Selain Vite dan Narita Shibori, UMKM lain yang turut berpartisipasi dalam IFW 2026 adalah Dara Baro, Guns Leather, Ramiza Boutique, Meeta Fauzan, Dimas Batik, UD Tenun Sumber Rejeki, Jokotole, Besolek, dan Mahacinta Jewelry. Para pelaku usaha ini berasal dari berbagai wilayah, termasuk Jawa Bagian Barat, Jawa Timur, Bali, Nusa Tenggara, serta Sumatera Bagian Selatan dan Utara.
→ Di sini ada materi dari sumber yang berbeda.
(* Let $f\colon M^n\to\mathbb{S}^{n+m}$ be an isometric immersion, $x\in M^n$, and $k$ an integer with $2\leq k\leq n/2$, and assume that $\mathrm{Ric}_M(X)\geq b(n,k,H(x))$ for every unit $X\in T_xM$, where $b(n,k,H)=\frac{n(k-1)}{k}+\frac{n(k-1)H}{2k^2}\big(nH+\sqrt{n^2H^2+4k(n-k)}\big)$. Let $$\lambda(n,k,H)=\frac{1}{2k}\big(nH+\sqrt{n^2H^2+4k(n-k)}\big),\qquad \mu(n,k,H)=\frac{1}{2k}\big(n(2k-1)H-\sqrt{n^2H^2+4k(n-k)}\big).$$ Then: (i) If $H(x)\neq 0$, the shape operator $A_1$ of $f$ at $x$ in the direction $\xi_1=\mathcal H(x)/H(x)$ satisfies $\mu(n,k,H(x))\leq\langle A_1X,X\rangle\leq\lambda(n,k,H(x))$ for every unit $X\in T_xM$. (ii) If $H(x)=0$, then for every unit normal vector $\xi\in N_fM(x)$ the shape operator $A_\xi$ satisfies $\mu(n,k,0)\leq\langle A_\xi X,X\rangle\leq\lambda(n,k,0)$ for every unit $X\in T_xM$.
   Context: $\mathbb{S}^{n+m}$ is the unit sphere; $\mathcal H=\frac1n\mathrm{tr}\,\alpha_f$ is the normalized mean curvature vector of $f$ ($\alpha_f$ its second fundamental form), $H=\|\mathcal H\|$, $A_\xi$ the shape operator in the normal direction $\xi$, and $\mathrm{Ric}_M(X)$ the non-normalized Ricci curvature in the unit direction $X$. *)

theory Defs
  imports "HOL-Analysis.Analysis"
begin

text \<open>Pointwise model of an isometric immersion f: M^n -> S^(n+m) at a point x.
  The tangent space T_xM is identified isometrically with real^'n (n = CARD('n)),
  the normal space N_fM(x) with real^'m; the standard basis vectors axis i 1 form
  an orthonormal basis of T_xM.  The second fundamental form at x is a symmetric
  bilinear map alpha :: real^'n => real^'n => real^'m.\<close>

definition mean_curv_vec :: "(real^'n \<Rightarrow> real^'n \<Rightarrow> real^'m) \<Rightarrow> real^'m" where
  "mean_curv_vec \<alpha> = (1 / real CARD('n)) *\<^sub>R (\<Sum>i\<in>UNIV. \<alpha> (axis i 1) (axis i 1))"

text \<open>Shape operator A_xi, determined by <A_xi X, Y> = <alpha(X,Y), xi>.\<close>
definition shape_op :: "(real^'n \<Rightarrow> real^'n \<Rightarrow> real^'m) \<Rightarrow> real^'m \<Rightarrow> real^'n \<Rightarrow> real^'n" where
  "shape_op \<alpha> \<xi> X = (\<chi> i. \<alpha> X (axis i 1) \<bullet> \<xi>)"

text \<open>Sectional curvature of M at x, by the Gauss equation for submanifolds of the unit sphere:
  K(X,Y) = 1 + <alpha(X,X),alpha(Y,Y)> - |alpha(X,Y)|^2 for orthonormal X, Y.
  The (non-normalized) Ricci curvature in the unit direction X is
  Ric(X) = sum_i <R(X,e_i)e_i, X>, which by the Gauss equation equals the following.\<close>
definition ricci :: "(real^'n \<Rightarrow> real^'n \<Rightarrow> real^'m) \<Rightarrow> real^'n \<Rightarrow> real" where
  "ricci \<alpha> X = (\<Sum>i\<in>UNIV. (X \<bullet> X) * (axis i (1::real) \<bullet> axis i (1::real)) - (X \<bullet> axis i 1)^2
        + \<alpha> X X \<bullet> \<alpha> (axis i 1) (axis i 1) - \<alpha> X (axis i 1) \<bullet> \<alpha> X (axis i 1))"

definition bnd :: "real \<Rightarrow> real \<Rightarrow> real \<Rightarrow> real" where
  "bnd n k H = n * (k - 1) / k + n * (k - 1) * H / (2 * k^2) * (n * H + sqrt (n^2 * H^2 + 4 * k * (n - k)))"

definition lam :: "real \<Rightarrow> real \<Rightarrow> real \<Rightarrow> real" where
  "lam n k H = (1 / (2 * k)) * (n * H + sqrt (n^2 * H^2 + 4 * k * (n - k)))"

definition mu :: "real \<Rightarrow> real \<Rightarrow> real \<Rightarrow> real" where
  "mu n k H = (1 / (2 * k)) * (n * (2 * k - 1) * H - sqrt (n^2 * H^2 + 4 * k * (n - k)))"

end

theory Submission
  imports Defs
begin

text \<open>Both cases are handled at once by a unit normal \<open>\<xi>\<close> with \<open>\<H> = H \<xi>\<close>
  (\<open>\<xi> = \<H>/H\<close> if \<open>H \<noteq> 0\<close>, any unit \<open>\<xi>\<close> if \<open>H = 0\<close>). For a unit \<open>X\<close> put
  \<open>a = \<langle>A\<^sub>\<xi> X, X\<rangle>\<close>. By the Gauss equation
  \<open>Ric(X) = n - 1 + n \<langle>\<alpha>(X,X), \<H>\<rangle> - \<Sum>\<^sub>i |\<alpha>(X,e\<^sub>i)|\<^sup>2\<close>, and Cauchy-Schwarz gives
  \<open>a\<^sup>2 \<le> |A\<^sub>\<xi> X|\<^sup>2 \<le> \<Sum>\<^sub>i |\<alpha>(X,e\<^sub>i)|\<^sup>2\<close>, so the Ricci bound yields
  \<open>a\<^sup>2 - nHa + b - n + 1 \<le> 0\<close>. The roots of this quadratic are \<open>\<lambda>\<close> and \<open>\<mu>\<close>,
  hence \<open>a\<close> lies between them. Finally \<open>\<mu> \<le> \<lambda>\<close>: otherwise every diagonal
  entry \<open>\<langle>A\<^sub>\<xi> e\<^sub>i, e\<^sub>i\<rangle>\<close> would be at least \<open>\<lambda> > H\<close> (as \<open>n \<ge> 2k\<close>),
  contradicting \<open>tr A\<^sub>\<xi> = nH\<close>.\<close>

lemma inner_shape_op_self:
  fixes \<alpha> :: "real^'n \<Rightarrow> real^'n \<Rightarrow> real^'m"
  assumes "bilinear \<alpha>"
  shows "shape_op \<alpha> \<xi> X \<bullet> X = \<alpha> X X \<bullet> \<xi>"
proof -
  have lin: "linear (\<alpha> X)" using assms unfolding bilinear_def by auto
  have "\<alpha> X X = \<alpha> X (\<Sum>i\<in>UNIV. (X$i) *\<^sub>R axis i 1)"
    using basis_expansion[of X] by (simp add: scalar_mult_eq_scaleR)
  also have "\<dots> = (\<Sum>i\<in>UNIV. (X$i) *\<^sub>R \<alpha> X (axis i 1))"
    by (simp add: linear_sum[OF lin] linear_scale[OF lin])
  finally have "\<alpha> X X \<bullet> \<xi> = (\<Sum>i\<in>UNIV. X$i * (\<alpha> X (axis i 1) \<bullet> \<xi>))"
    by (simp add: inner_sum_left)
  then show ?thesis by (simp add: shape_op_def inner_vec_def mult.commute)
qed

lemma inner_second_fundamental_form_sq_le:
  fixes \<alpha> :: "real^'n \<Rightarrow> real^'n \<Rightarrow> real^'m"
  assumes "bilinear \<alpha>" and X: "norm X = 1" and \<xi>: "norm \<xi> = 1"
  shows "(\<alpha> X X \<bullet> \<xi>)\<^sup>2 \<le> (\<Sum>i\<in>UNIV. \<alpha> X (axis i 1) \<bullet> \<alpha> X (axis i 1))"
proof -
  have "(\<alpha> X X \<bullet> \<xi>)\<^sup>2 = (shape_op \<alpha> \<xi> X \<bullet> X)\<^sup>2"
    by (simp add: inner_shape_op_self[OF assms(1)])
  also have "\<dots> \<le> (norm (shape_op \<alpha> \<xi> X) * norm X)\<^sup>2"
    by (metis Cauchy_Schwarz_ineq2 abs_ge_zero power2_abs power_mono)
  also have "\<dots> = shape_op \<alpha> \<xi> X \<bullet> shape_op \<alpha> \<xi> X"
    using X by (simp add: power2_norm_eq_inner)
  also have "\<dots> = (\<Sum>i\<in>UNIV. (\<alpha> X (axis i 1) \<bullet> \<xi>)\<^sup>2)"
    by (simp add: shape_op_def inner_vec_def power2_eq_square)
  also have "\<dots> \<le> (\<Sum>i\<in>UNIV. \<alpha> X (axis i 1) \<bullet> \<alpha> X (axis i 1))"
  proof (rule sum_mono)
    fix i
    have "(\<alpha> X (axis i 1) \<bullet> \<xi>)\<^sup>2 \<le> (norm (\<alpha> X (axis i 1)) * norm \<xi>)\<^sup>2"
      by (metis Cauchy_Schwarz_ineq2 abs_ge_zero power2_abs power_mono)
    then show "(\<alpha> X (axis i 1) \<bullet> \<xi>)\<^sup>2 \<le> \<alpha> X (axis i 1) \<bullet> \<alpha> X (axis i 1)"
      using \<xi> by (simp add: power2_norm_eq_inner)
  qed
  finally show ?thesis .
qed

lemma sum_second_fundamental_form_basis:
  fixes \<alpha> :: "real^'n \<Rightarrow> real^'n \<Rightarrow> real^'m"
  shows "(\<Sum>i\<in>UNIV. \<alpha> (axis i 1) (axis i 1)) = real CARD('n) *\<^sub>R mean_curv_vec \<alpha>"
  by (simp add: mean_curv_vec_def)

lemma ricci_unit_eq:
  fixes \<alpha> :: "real^'n \<Rightarrow> real^'n \<Rightarrow> real^'m"
  assumes "norm X = 1"
  shows "ricci \<alpha> X = real CARD('n) - 1 + real CARD('n) * (\<alpha> X X \<bullet> mean_curv_vec \<alpha>)
     - (\<Sum>i\<in>UNIV. \<alpha> X (axis i 1) \<bullet> \<alpha> X (axis i 1))"
proof -
  have XX: "X \<bullet> X = 1" using assms by (simp add: power2_norm_eq_inner[symmetric])
  have "(\<Sum>i\<in>UNIV. (X \<bullet> axis i 1)\<^sup>2) = 1"
    using XX unfolding inner_axis by (simp add: inner_vec_def power2_eq_square)
  moreover have "(\<Sum>i\<in>UNIV. \<alpha> X X \<bullet> \<alpha> (axis i 1) (axis i 1))
      = real CARD('n) * (\<alpha> X X \<bullet> mean_curv_vec \<alpha>)"
    by (simp add: mean_curv_vec_def inner_sum_right)
  ultimately show ?thesis
    unfolding ricci_def using XX by (simp add: sum.distrib sum_subtractf inner_axis_axis)
qed

lemma lam_add_mu:
  assumes "0 < k"
  shows "lam n k H + mu n k H = n * H"
  using assms by (simp add: lam_def mu_def field_simps)

lemma lam_mult_mu:
  assumes "0 < k" "k \<le> n"
  shows "lam n k H * mu n k H = bnd n k H - n + 1"
proof -
  define S where "S = sqrt (n\<^sup>2 * H\<^sup>2 + 4 * k * (n - k))"
  have S2: "S\<^sup>2 = n\<^sup>2 * H\<^sup>2 + 4 * k * (n - k)"
    unfolding S_def using assms by simp
  have "4 * k\<^sup>2 * (lam n k H * mu n k H) = (n * H + S) * (n * (2 * k - 1) * H - S)"
    using assms by (simp add: lam_def mu_def S_def field_simps power2_eq_square)
  also have "\<dots> = n\<^sup>2 * (2 * k - 1) * H\<^sup>2 + 2 * n * (k - 1) * H * S - S\<^sup>2"
    by (simp add: algebra_simps power2_eq_square)
  also have "\<dots> = 4 * k\<^sup>2 * (bnd n k H - n + 1)"
    unfolding bnd_def S_def[symmetric] S2 using assms by (simp add: field_simps power2_eq_square)
  finally show ?thesis using assms by simp
qed

lemma lam_gt:
  assumes "0 < k" "2 * k \<le> n" "0 \<le> H"
  shows "H < lam n k H"
proof -
  define S where "S = sqrt (n\<^sup>2 * H\<^sup>2 + 4 * k * (n - k))"
  have "0 < S"
    unfolding S_def using assms by (intro real_sqrt_gt_zero add_nonneg_pos) auto
  moreover have "2 * k * H \<le> n * H" using assms by (simp add: mult_right_mono)
  ultimately show ?thesis
    unfolding lam_def S_def[symmetric] using assms by (simp add: field_simps)
qed

lemma between_roots:
  fixes a l m :: real
  assumes "(a - l) * (a - m) \<le> 0"
  shows "min l m \<le> a \<and> a \<le> max l m"
  using assms by (auto simp: mult_le_0_iff min_def max_def)

lemma ricci_bound_quadratic:
  fixes \<alpha> :: "real^'n \<Rightarrow> real^'n \<Rightarrow> real^'m"
  defines "n \<equiv> real CARD('n)"
  assumes "bilinear \<alpha>" and k: "0 < k" "k \<le> n"
    and ric: "bnd n k H \<le> ricci \<alpha> X"
    and X: "norm X = 1" and \<xi>: "norm \<xi> = 1" and \<H>: "mean_curv_vec \<alpha> = H *\<^sub>R \<xi>"
  shows "(\<alpha> X X \<bullet> \<xi> - lam n k H) * (\<alpha> X X \<bullet> \<xi> - mu n k H) \<le> 0"
proof -
  let ?a = "\<alpha> X X \<bullet> \<xi>"
  have "bnd n k H \<le> n - 1 + n * H * ?a - ?a\<^sup>2"
    using ric ricci_unit_eq[OF X, of \<alpha>] inner_second_fundamental_form_sq_le[OF assms(2) X \<xi>]
    unfolding \<H> n_def by simp
  moreover have "(?a - lam n k H) * (?a - mu n k H)
      = ?a\<^sup>2 - (lam n k H + mu n k H) * ?a + lam n k H * mu n k H"
    by (simp add: algebra_simps power2_eq_square)
  ultimately show ?thesis
    unfolding lam_add_mu[OF k(1)] lam_mult_mu[OF k] by (simp add: algebra_simps)
qed

lemma ricci_bound_mu_le_lam:
  fixes \<alpha> :: "real^'n \<Rightarrow> real^'n \<Rightarrow> real^'m"
  defines "n \<equiv> real CARD('n)"
  assumes "bilinear \<alpha>" and k: "0 < k" "2 * k \<le> n"
    and ric: "\<And>X. norm X = 1 \<Longrightarrow> bnd n k H \<le> ricci \<alpha> X"
    and \<xi>: "norm \<xi> = 1" and H: "0 \<le> H" and \<H>: "mean_curv_vec \<alpha> = H *\<^sub>R \<xi>"
  shows "mu n k H \<le> lam n k H"
proof (rule ccontr)
  assume "\<not> mu n k H \<le> lam n k H"
  have "k \<le> n" using k by simp
  have diag: "H < \<alpha> (axis i 1) (axis i 1) \<bullet> \<xi>" for i
  proof -
    have "(\<alpha> (axis i 1) (axis i 1) \<bullet> \<xi> - lam n k H)
        * (\<alpha> (axis i 1) (axis i 1) \<bullet> \<xi> - mu n k H) \<le> 0"
      using ricci_bound_quadratic[OF assms(2) k(1) \<open>k \<le> n\<close>[unfolded n_def] _ norm_axis_1 \<xi> \<H>]
        ric[OF norm_axis_1] unfolding n_def by simp
    then have "lam n k H \<le> \<alpha> (axis i 1) (axis i 1) \<bullet> \<xi>"
      using between_roots \<open>\<not> mu n k H \<le> lam n k H\<close> by (metis min.absorb3 not_le)
    then show ?thesis using lam_gt[OF k H] by simp
  qed
  have "n * H = (\<Sum>i\<in>UNIV. \<alpha> (axis i 1) (axis i 1)) \<bullet> \<xi>"
    using \<xi> unfolding sum_second_fundamental_form_basis \<H> n_def by (simp add: norm_eq_1)
  also have "\<dots> = (\<Sum>i\<in>UNIV. \<alpha> (axis i 1) (axis i 1) \<bullet> \<xi>)"
    by (simp add: inner_sum_left)
  also have "\<dots> > (\<Sum>i\<in>(UNIV::'n set). H)"
    by (rule sum_strict_mono) (auto simp: diag)
  finally show False by (simp add: n_def)
qed

lemma ricci_bound_shape_op_bounds:
  fixes \<alpha> :: "real^'n \<Rightarrow> real^'n \<Rightarrow> real^'m"
  defines "n \<equiv> real CARD('n)"
  assumes "bilinear \<alpha>" and k: "0 < k" "2 * k \<le> n"
    and ric: "\<And>X. norm X = 1 \<Longrightarrow> bnd n k H \<le> ricci \<alpha> X"
    and \<xi>: "norm \<xi> = 1" and H: "0 \<le> H" and \<H>: "mean_curv_vec \<alpha> = H *\<^sub>R \<xi>"
    and X: "norm X = 1"
  shows "mu n k H \<le> shape_op \<alpha> \<xi> X \<bullet> X \<and> shape_op \<alpha> \<xi> X \<bullet> X \<le> lam n k H"
proof -
  have "k \<le> n" using k by simp
  have "mu n k H \<le> lam n k H"
    using ricci_bound_mu_le_lam[OF assms(2) k[unfolded n_def] _ \<xi> H \<H>] ric unfolding n_def .
  moreover have "(\<alpha> X X \<bullet> \<xi> - lam n k H) * (\<alpha> X X \<bullet> \<xi> - mu n k H) \<le> 0"
    using ricci_bound_quadratic[OF assms(2) k(1) _ _ X \<xi> \<H>] ric[OF X] \<open>k \<le> n\<close>
    unfolding n_def by simp
  ultimately show ?thesis
    using between_roots unfolding inner_shape_op_self[OF assms(2)] by (metis max.absorb1 min.absorb2)
qed

theorem lemma6:
  fixes \<alpha> :: "real^'n \<Rightarrow> real^'n \<Rightarrow> real^'m" and k :: nat
  assumes bil: "bilinear \<alpha>"
    and sym: "\<And>X Y. \<alpha> X Y = \<alpha> Y X"
    and k2: "2 \<le> k" and kn: "2 * k \<le> CARD('n)"
    and ric: "\<And>X. norm X = 1 \<Longrightarrow>
               ricci \<alpha> X \<ge> bnd (real CARD('n)) (real k) (norm (mean_curv_vec \<alpha>))"
  shows "(norm (mean_curv_vec \<alpha>) \<noteq> 0 \<longrightarrow>
            (\<forall>X. norm X = 1 \<longrightarrow>
               (let H = norm (mean_curv_vec \<alpha>);
                    \<xi>1 = (1 / H) *\<^sub>R mean_curv_vec \<alpha>
                in mu (real CARD('n)) (real k) H \<le> shape_op \<alpha> \<xi>1 X \<bullet> X
                 \<and> shape_op \<alpha> \<xi>1 X \<bullet> X \<le> lam (real CARD('n)) (real k) H)))
       \<and> (norm (mean_curv_vec \<alpha>) = 0 \<longrightarrow>
            (\<forall>\<xi> X. norm \<xi> = 1 \<longrightarrow> norm X = 1 \<longrightarrow>
               mu (real CARD('n)) (real k) 0 \<le> shape_op \<alpha> \<xi> X \<bullet> X
             \<and> shape_op \<alpha> \<xi> X \<bullet> X \<le> lam (real CARD('n)) (real k) 0))"
proof -
  have k: "0 < real k" "2 * real k \<le> real CARD('n)"
    using k2 kn by linarith+
  note bounds = ricci_bound_shape_op_bounds[OF bil k ric]
  let ?H = "norm (mean_curv_vec \<alpha>)"
  have "mu (real CARD('n)) (real k) ?H \<le> shape_op \<alpha> \<xi>1 X \<bullet> X
      \<and> shape_op \<alpha> \<xi>1 X \<bullet> X \<le> lam (real CARD('n)) (real k) ?H"
    if "?H \<noteq> 0" "norm X = 1" "\<xi>1 = (1 / ?H) *\<^sub>R mean_curv_vec \<alpha>" for X \<xi>1
    using bounds[of \<xi>1 X] that by simp
  moreover have "mean_curv_vec \<alpha> = ?H *\<^sub>R \<xi>" if "?H = 0" for \<xi> :: "real^'m"
    using that by simp
  ultimately show ?thesis
    using bounds by (auto simp: Let_def)
qed

end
VP Corporate Communication Pertamina Patra Niaga, Kitty Andhora, menjelaskan bahwa keikutsertaan UMKM dalam IFW 2026 bertujuan untuk memperkenalkan produk kerajinan dan fesyen lokal kepada pasar yang lebih luas. "UMKM merupakan tulang punggung perekonomian Indonesia. Sebagai pilar utama daya tahan ekonomi nasional, UMKM tidak hanya menyerap tenaga kerja, tetapi juga menjadi motor penggerak kreativitas dan kearifan lokal. Menyadari peran strategis tersebut, Pertamina Patra Niaga akan terus mendukung pemberdayaan pelaku usaha lokal di seluruh penjuru negeri," tuturnya.
Menurut Kitty, partisipasi dalam IFW 2026 diharapkan dapat membuka peluang yang lebih besar bagi produk UMKM binaan untuk memperluas pasar, termasuk ke tingkat internasional.